lemma e0_vanishes_on_bit: "vanishes_on_bit w e0"
  by (auto simp: vanishes_on_bit_def e0_def)

lemma matvec_vanishes_on_bit:
  assumes "k < 8" "\<not> bit k w" "vanishes_on_bit w u"
  shows "vanishes_on_bit w (matvec (Amat k) u)"
  unfolding vanishes_on_bit_def
proof (intro allI impI)
  fix i :: nat assume i: "i < 8" "bit i w"
  have "Amat k i j * u j = 0" if "j < 8" for j
  proof (cases "bit j w")
    case True
    then show ?thesis using assms(3) \<open>j < 8\<close> by (simp add: vanishes_on_bit_def)
  next
    case False
    have "A0 (xor i k) (xor j k) = 0"
      using i \<open>j < 8\<close> False assms(1,2) by (intro A0_eq_0 [where w = w]) (simp_all add: xor_less_8 bit_xor_iff)
    then show ?thesis by (simp add: Amat_def)
  qed
  then show "matvec (Amat k) u i = 0" unfolding matvec_def by (intro sum.neutral) simp
qed

lemma Aprod_vanishes_on_bit:
  "\<forall>k\<in>set ks. k < 8 \<and> \<not> bit k w \<Longrightarrow> vanishes_on_bit w u \<Longrightarrow> vanishes_on_bit w (Aprod ks u)"
  by (induction ks) (simp_all add: matvec_vanishes_on_bit)

lemma matvec_flip_bit_invariant:
  assumes "k < 8" "bit k w" "vanishes_on_bit w u" "i < 8"
  shows "matvec (Amat k) u (flip_bit w i) = matvec (Amat k) u i"
  unfolding matvec_def
proof (rule sum.cong)
  fix j :: nat assume "j \<in> {..<8}"
  show "Amat k (flip_bit w i) j * u j = Amat k i j * u j"
  proof (cases "bit j w")
    case True
    then show ?thesis using assms(3) \<open>j \<in> {..<8}\<close> by (simp add: vanishes_on_bit_def)
  next
    case False
    then have "bit (xor j k) w" using assms(2) by (simp add: bit_xor_iff)
    then have "A0 (flip_bit w (xor i k)) (xor j k) = A0 (xor i k) (xor j k)"
      using assms(1,4) \<open>j \<in> {..<8}\<close> by (intro A0_flip_bit_row) (simp_all add: xor_less_8)
    then show ?thesis by (simp add: Amat_def xor_flip_bit)
  qed
qed simp

lemma Aprod_flip_bit_prefix:
  assumes k: "k < 8" "bit k w" and zs: "\<forall>z\<in>set zs. z < 8 \<and> \<not> bit z w"
    and u: "vanishes_on_bit w u" and "i < 8"
  shows "Aprod (map (flip_bit w) ps @ k # zs) u i = Aprod (ps @ k # zs) u (flip_bit w i)"
proof -
  have "w < 3" using k by (rule bit_imp_less_3)
  define v where "v = Aprod (k # zs) u"
  have v_flip: "v (flip_bit w j) = v j" if "j < 8" for j
    unfolding v_def Aprod_Cons using k Aprod_vanishes_on_bit [OF zs u] that
    by (rule matvec_flip_bit_invariant)
  have "Aprod (map (flip_bit w) ps @ k # zs) u i =
      Aprod (map (flip_bit w) ps) v (flip_bit w (flip_bit w i))"
    by (simp add: Aprod_append v_def)
  also have "\<dots> = Aprod ps (v \<circ> flip_bit w) (flip_bit w i)"
    by (rule Aprod_flip_bit) (simp_all add: \<open>w < 3\<close> \<open>i < 8\<close> flip_bit_less_8)
  also have "\<dots> = Aprod ps v (flip_bit w i)"
    using \<open>w < 3\<close> \<open>i < 8\<close> v_flip by (intro Aprod_cong) (simp_all add: flip_bit_less_8)
  also have "\<dots> = Aprod (ps @ k # zs) u (flip_bit w i)"
    by (simp add: Aprod_append v_def)
  finally show ?thesis .
qed
(* Let $S$ be a $1$-synchronizable system. Let $a_1,\dots,a_n,b_1,\dots,b_m\in\Sigma_M$ and $\tau\in T_0(S)$ be such that $\tau\cdot !a_1\cdots !a_n\in T_n(S)$, $\tau\cdot !b_1\cdots !b_m\in T_m(S)$, and $\mathrm{src}(a_i)\neq\mathrm{src}(b_j)$ for all $i\in\{1,\dots,n\}$, $j\in\{1,\dots,m\}$. Then for any two different shuffles $\xi_1,\xi_2$ of the action sequence $!?a_1\cdots !?a_n$ with the action sequence $!?b_1\cdots !?b_m$, it holds that $\tau\cdot\xi_1\in T_\omega(S)$, $\tau\cdot\xi_2\in T_\omega(S)$, and $\tau\cdot\xi_1\equiv_S\tau\cdot\xi_2$.
   Context: A message set $M=(\Sigma_M,N,\mathrm{src},\mathrm{dst})$: finite set of messages, $N\ge1$ peers, $\mathrm{src}(a)\neq\mathrm{dst}(a)\in\{1,\dots,N\}$. Actions $!a$ (by peer $\mathrm{src}(a)$), $?a$ (by peer $\mathrm{dst}(a)$); traces are finite action sequences; $!?a$ abbreviates $!a\cdot?a$. For a trace $\tau$, $\pi_!(\tau)$ is the sequence of sent messages; $\mathrm{buf}_{i\to j}(\tau)$ is the word $w$ (if any) with (sent on $i\to j$) $=$ (received on $i\to j$)$\cdot w$. $\tau$ is FIFO ($k$-bounded FIFO) if for all $i,j$ and prefixes $\tau'$, $\mathrm{buf}_{i\to j}(\tau')$ is defined (and has length $\le k$); synchronous if of the form $!?a_1\cdots!?a_k$. A system $S=(P_1,\dots,P_N)$: finite automata $P_i$ (all states accepting) over actions of peer $i$, with one FIFO channel per ordered pair $i\neq j$. A configuration: one control state per peer and contents $w_{i,j}$ of channels; stable if all channels empty. $!a$ ($\mathrm{src}(a)=i,\mathrm{dst}(a)=j$) moves $P_i$ and appends $a$ to $w_{i,j}$; $?a$ moves $P_j$ and removes $a$ from the head of $w_{i,j}$; $c_0$ is the initial configuration. $T_k(S)$ ($k\ge1$): $k$-bounded FIFO traces $\tau$ with $c_0\xrightarrow{\tau}c$ for some $c$; $T_0(S)$: synchronous such traces; $T_\omega(S)=\bigcup_kT_k(S)$. $\tau_1\equiv_S\tau_2$ iff $\tau_1,\tau_2\in T_\omega(S)$ and there is $c$ with $c_0\xrightarrow{\tau_1}c$ and $c_0\xrightarrow{\tau_2}c$. $ST_k(S)=\{\pi_!(\tau)\mid\tau\in T_k(S)\}\cup\{(\pi_!(\tau),c)\mid c_0\xrightarrow{\tau}c,\ c\text{ stable},\ \tau\in T_k(S)\}$; $S$ is $1$-synchronizable if $ST_0(S)=ST_1(S)$. *)

theory Defs
  imports Main "HOL-Library.Sublist"
begin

□ □ □ □ □ □ □

▸ Your objective
A complete answer gives every line of the records holding "unfolding".

▸ Problem solution
  unfolding vanishes_on_bit_def
  then show "matvec (Amat k) u i = 0" unfolding matvec_def by (intro sum.neutral) simp
  unfolding matvec_def
    unfolding v_def Aprod_Cons using k Aprod_vanishes_on_bit [OF zs u] that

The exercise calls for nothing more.